Berzelius also developed a theory of chemical combination based on the electrochemical studies that the invention of the battery (1800) had spawned. He became convinced that all molecules were held together by the Coulomb force, the electrostatic attraction between oppositely charged objects. (Berzelius assumed that a molecule’s constituent atoms or groups of atoms were not neutral, and he called these charged components radicals.) This theory of electrochemical dualism worked well with inorganic compounds, but organic substances seemed anomalous. Particularly in the 1830s, when chemists learned how to replace the hydrogen of organic compounds with chlorine atoms, Berzelius’s theory appeared to be threatened—after all, hydrogen and chlorine had opposite electrochemical characteristics, yet the substitution seemed to make little difference in the properties of the compounds. In the 1840s and ’50s, extensive debates over rival systems of chemical atomism and over electrochemical dualism enlivened the journal literature.

Organic radicals and the theory of chemical structure

Both problems were finally resolved through the further development of organic chemistry. The leading organic chemists of the day were the German Justus von Liebig and the Frenchman Jean-Baptiste-André Dumas. In 1830 Liebig invented a device that made organic analysis rapid, convenient, and accurate, and his laboratory institute at the tiny University of Giessen in Hesse became the most famous chemical school in the world. Liebig taught an enormous number of chemists, and his students assisted in his research program. He was the leading figure in the rise of the research university and in the idea of a research group. As a professor at Giessen, and later at the University of Munich, he laid much emphasis on practical applications of chemistry, especially for physiology, agriculture, and consumer products. Dumas exerted a similar influence in France, training students and pursuing research at a private laboratory in Paris.
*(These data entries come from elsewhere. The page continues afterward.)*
text \<open>
  Differentiating \<open>H \<circ> H = H\<close> and \<open>H \<circ> V = 0\<close> along curves in \<open>Q\<close> gives, for tangent \<open>X\<close>,
  \<open>H'(q;X) H + H H'(q;X) = H'(q;X)\<close> and \<open>H'(q;X) V + H V'(q;X) = 0\<close>. Since \<open>p\<^sub>h = H\<^sup>T p\<^sub>h\<close>,
  the first identity kills \<open>p\<^sub>h \<bullet> H'(q;X) H u\<close>, and together with the symmetry of
  \<open>(a, b) \<mapsto> p\<^sub>h \<bullet> H'(q;a) b\<close> on vertical vectors, which is where integrability of \<open>\<V>\<close> enters,
  they give \<open>B(q,p\<^sub>h)\<epsilon> \<bullet> \<delta>\<^sub>q = p\<^sub>h \<bullet> H'(q;\<delta>\<^sub>q) \<epsilon> = \<epsilon> \<bullet> \<delta>\<^sub>p\<close> for every tangent vector
  \<open>(\<delta>\<^sub>q, \<delta>\<^sub>p)\<close> of \<open>\<H>\<^sup>*\<close>. So \<open>\<Omega>\<close> vanishes on the vertical space against all tangent vectors.
  On the horizontal space \<open>\<Omega>\<close> is nondegenerate: pair \<open>(h, p)\<close> first with \<open>(0, H\<^sup>T h)\<close>, then with
  \<open>(H p, H'(q; H p)\<^sup>T p\<^sub>h)\<close>. The splitting \<open>\<delta>\<^sub>q = H \<delta>\<^sub>q + V \<delta>\<^sub>q\<close> yields the direct sum, and the
  kernel of \<open>\<Omega>\<close> is then exactly the vertical space.
\<close>

lemma has_derivative_blinfun_apply_const:
  fixes V :: "'a::real_normed_vector \<Rightarrow> ('b::real_normed_vector \<Rightarrow>\<^sub>L 'c::real_normed_vector)"
  assumes "(V has_derivative dV) (at x)"
  shows "((\<lambda>y. V y b) has_derivative (\<lambda>d. dV d b)) (at x)"
  using bounded_bilinear.FDERIV[OF bounded_bilinear_blinfun_apply assms has_derivative_const[of b]]
  by simp

lemma iter_dd_blinfun_apply:
  fixes V :: "'a::real_normed_vector \<Rightarrow> ('b::real_normed_vector \<Rightarrow>\<^sub>L 'c::real_normed_vector)"
  assumes "smooth_on U V" and "x \<in> U"
  shows "iter_dd vs (\<lambda>y. V y b) x = iter_dd vs V x b"
  using assms(2)
proof (induction vs arbitrary: x)
  case Nil
  then show ?case by simp
next
  case (Cons w vs)
  have "open U" and "iter_dd vs V differentiable (at x)"
    using assms(1) Cons.prems unfolding smooth_on_def by auto
  then have "((\<lambda>y. iter_dd vs V y b) has_derivative
      (\<lambda>d. frechet_derivative (iter_dd vs V) (at x) d b)) (at x)"
    by (intro has_derivative_blinfun_apply_const) (simp add: frechet_derivative_works)
  then have deriv: "(iter_dd vs (\<lambda>y. V y b) has_derivative
      (\<lambda>d. frechet_derivative (iter_dd vs V) (at x) d b)) (at x)"
    using has_derivative_transform_within_open[OF _ \<open>open U\<close> Cons.prems] Cons.IH by metis
  show ?case by (simp add: frechet_derivative_at[OF deriv, symmetric])
qed

lemma smooth_on_blinfun_apply:
  fixes V :: "'a::real_normed_vector \<Rightarrow> ('b::real_normed_vector \<Rightarrow>\<^sub>L 'c::real_normed_vector)"
  assumes "smooth_on U V"
  shows "smooth_on U (\<lambda>y. V y b)"
  unfolding smooth_on_def
proof (intro conjI allI ballI)
  show "open U" using assms unfolding smooth_on_def by blast
  fix vs x assume "x \<in> U"
  have "iter_dd vs V differentiable (at x)"
    using assms \<open>x \<in> U\<close> unfolding smooth_on_def by blast
  then have "((\<lambda>y. iter_dd vs V y b) has_derivative
      (\<lambda>d. frechet_derivative (iter_dd vs V) (at x) d b)) (at x)"
    by (intro has_derivative_blinfun_apply_const) (simp add: frechet_derivative_works)
  then show "iter_dd vs (\<lambda>y. V y b) differentiable (at x)"
    using has_derivative_transform_within_open[OF _ \<open>open U\<close> \<open>x \<in> U\<close>]
      iter_dd_blinfun_apply[OF assms] unfolding differentiable_def by metis
qed

lemma tangent_space_product_rule:
  fixes F G K :: "'e::euclidean_space \<Rightarrow> ('e \<Rightarrow>\<^sub>L 'e)"
  assumes dF: "(F has_derivative dF) (at q)" and dG: "(G has_derivative dG) (at q)"
    and dK: "(K has_derivative dK) (at q)"
    and FGK: "\<And>y. y \<in> Q \<Longrightarrow> F y o\<^sub>L G y = K y"
    and x: "x \<in> tangent_space Q q"
  shows "(F q o\<^sub>L dG x) + (dF x o\<^sub>L G q) = dK x"
proof -
  obtain \<gamma> where \<gamma>Q: "\<And>t. \<gamma> t \<in> Q" and \<gamma>0: "\<gamma> 0 = q"
    and \<gamma>': "(\<gamma> has_derivative (\<lambda>s. s *\<^sub>R x)) (at 0)"
    using x unfolding tangent_space_def has_vector_derivative_def by blast
  have chain: "((\<lambda>t. M (\<gamma> t)) has_derivative (\<lambda>s. dM (s *\<^sub>R x))) (at 0)"
    if "(M has_derivative dM) (at q)" for M :: "'e \<Rightarrow> ('e \<Rightarrow>\<^sub>L 'e)" and dM
    by (rule has_derivative_compose[OF \<gamma>']) (simp add: \<gamma>0 that)
  have "((\<lambda>t. K (\<gamma> t)) has_derivative
      (\<lambda>s. (F q o\<^sub>L dG (s *\<^sub>R x)) + (dF (s *\<^sub>R x) o\<^sub>L G q))) (at 0)"
    using bounded_bilinear.FDERIV[OF bounded_bilinear_blinfun_compose chain[OF dF] chain[OF dG]]
    by (simp add: FGK \<gamma>Q \<gamma>0)
  then have "(\<lambda>s. (F q o\<^sub>L dG (s *\<^sub>R x)) + (dF (s *\<^sub>R x) o\<^sub>L G q)) = (\<lambda>s. dK (s *\<^sub>R x))"
    by (rule has_derivative_unique[OF _ chain[OF dK]])
  from fun_cong[OF this, of 1] show ?thesis by simp
qed

lemma inner_transp: "u \<bullet> transp A w = A u \<bullet> w"
  unfolding transp_def by (simp add: adjoint_works blinfun.bounded_linear_right bounded_linear.linear)

lemma transp_inner: "transp A w \<bullet> u = w \<bullet> A u"
  using inner_transp[of u A w] by (simp add: inner_commute)

lemma linear_transp: "linear (transp A)"
  unfolding transp_def by (simp add: adjoint_linear blinfun.bounded_linear_right bounded_linear.linear)

lemma transp_transp: "transp A (transp B w) = transp (B o\<^sub>L A) w"
  by (rule vector_eq_ldot[THEN iffD1]) (simp add: inner_transp)

lemma linear_transp_blinfun:
  assumes "linear f"
  shows "linear (\<lambda>a. transp (f a) w)"
proof (rule linearI)
  show "transp (f (a + b)) w = transp (f a) w + transp (f b) w" for a b
    by (rule vector_eq_ldot[THEN iffD1])
      (simp add: inner_transp linear_add[OF assms] blinfun.add_left inner_add)
  show "transp (f (c *\<^sub>R a)) w = c *\<^sub>R transp (f a) w" for c a
    by (rule vector_eq_ldot[THEN iffD1])
      (simp add: inner_transp linear_scale[OF assms] blinfun.scaleR_left)
qed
Both Liebig and Dumas initially accepted the Berzelian scheme and sought to understand organic molecules as composed of identifiable radicals held together electrochemically. The younger French chemists Auguste Laurent and Charles Gerhardt pursued chlorine substitution reactions and cast doubt on this simple model; sometime after 1840 Liebig and Dumas both retreated into positivism. In 1852 Liebig’s English former postdoctoral assistant Edward Frankland noticed a regularity in the combining capacity of the atoms of certain metals and semimetals. At about the same time, two former students of both Liebig and Dumas, Alexander Williamson in London and Charles-Adolphe Wurtz in Paris, were independently approaching the same idea from a different direction. Using a system of atomic weights and formulas developed by Gerhardt and Laurent—a modified version of Berzelius’s system that incorporated Avogadro’s ideas more consistently—they proposed that oxygen atoms could combine with two other simple atoms, such as hydrogen, or with two organic radicals and that nitrogen atoms could combine with three. This was the beginning of the concept of atomic valence.

In 1858 the young German theorist August Kekule then expanded this concept to carbon, not only proposing that carbon atoms were tetravalent but adding the idea that they could bond to each other to form chains, comprising a molecular “skeleton” to which other atoms could cling. Kekule’s theory of chemical structure clarified the compositions of hundreds of organic compounds and served as a guide to the synthesis of thousands more. (The self-chaining of carbon atoms was independently developed by the Scottish chemist Archibald Scott Couper.) This theory experienced dramatic expansion when Kekule successfully applied it to aromatic compounds (after 1865) and after Jacobus Henricus van ’t Hoff of the Netherlands and Joseph LeBel of France independently began to investigate molecular structures in three dimensions—later called stereochemistry.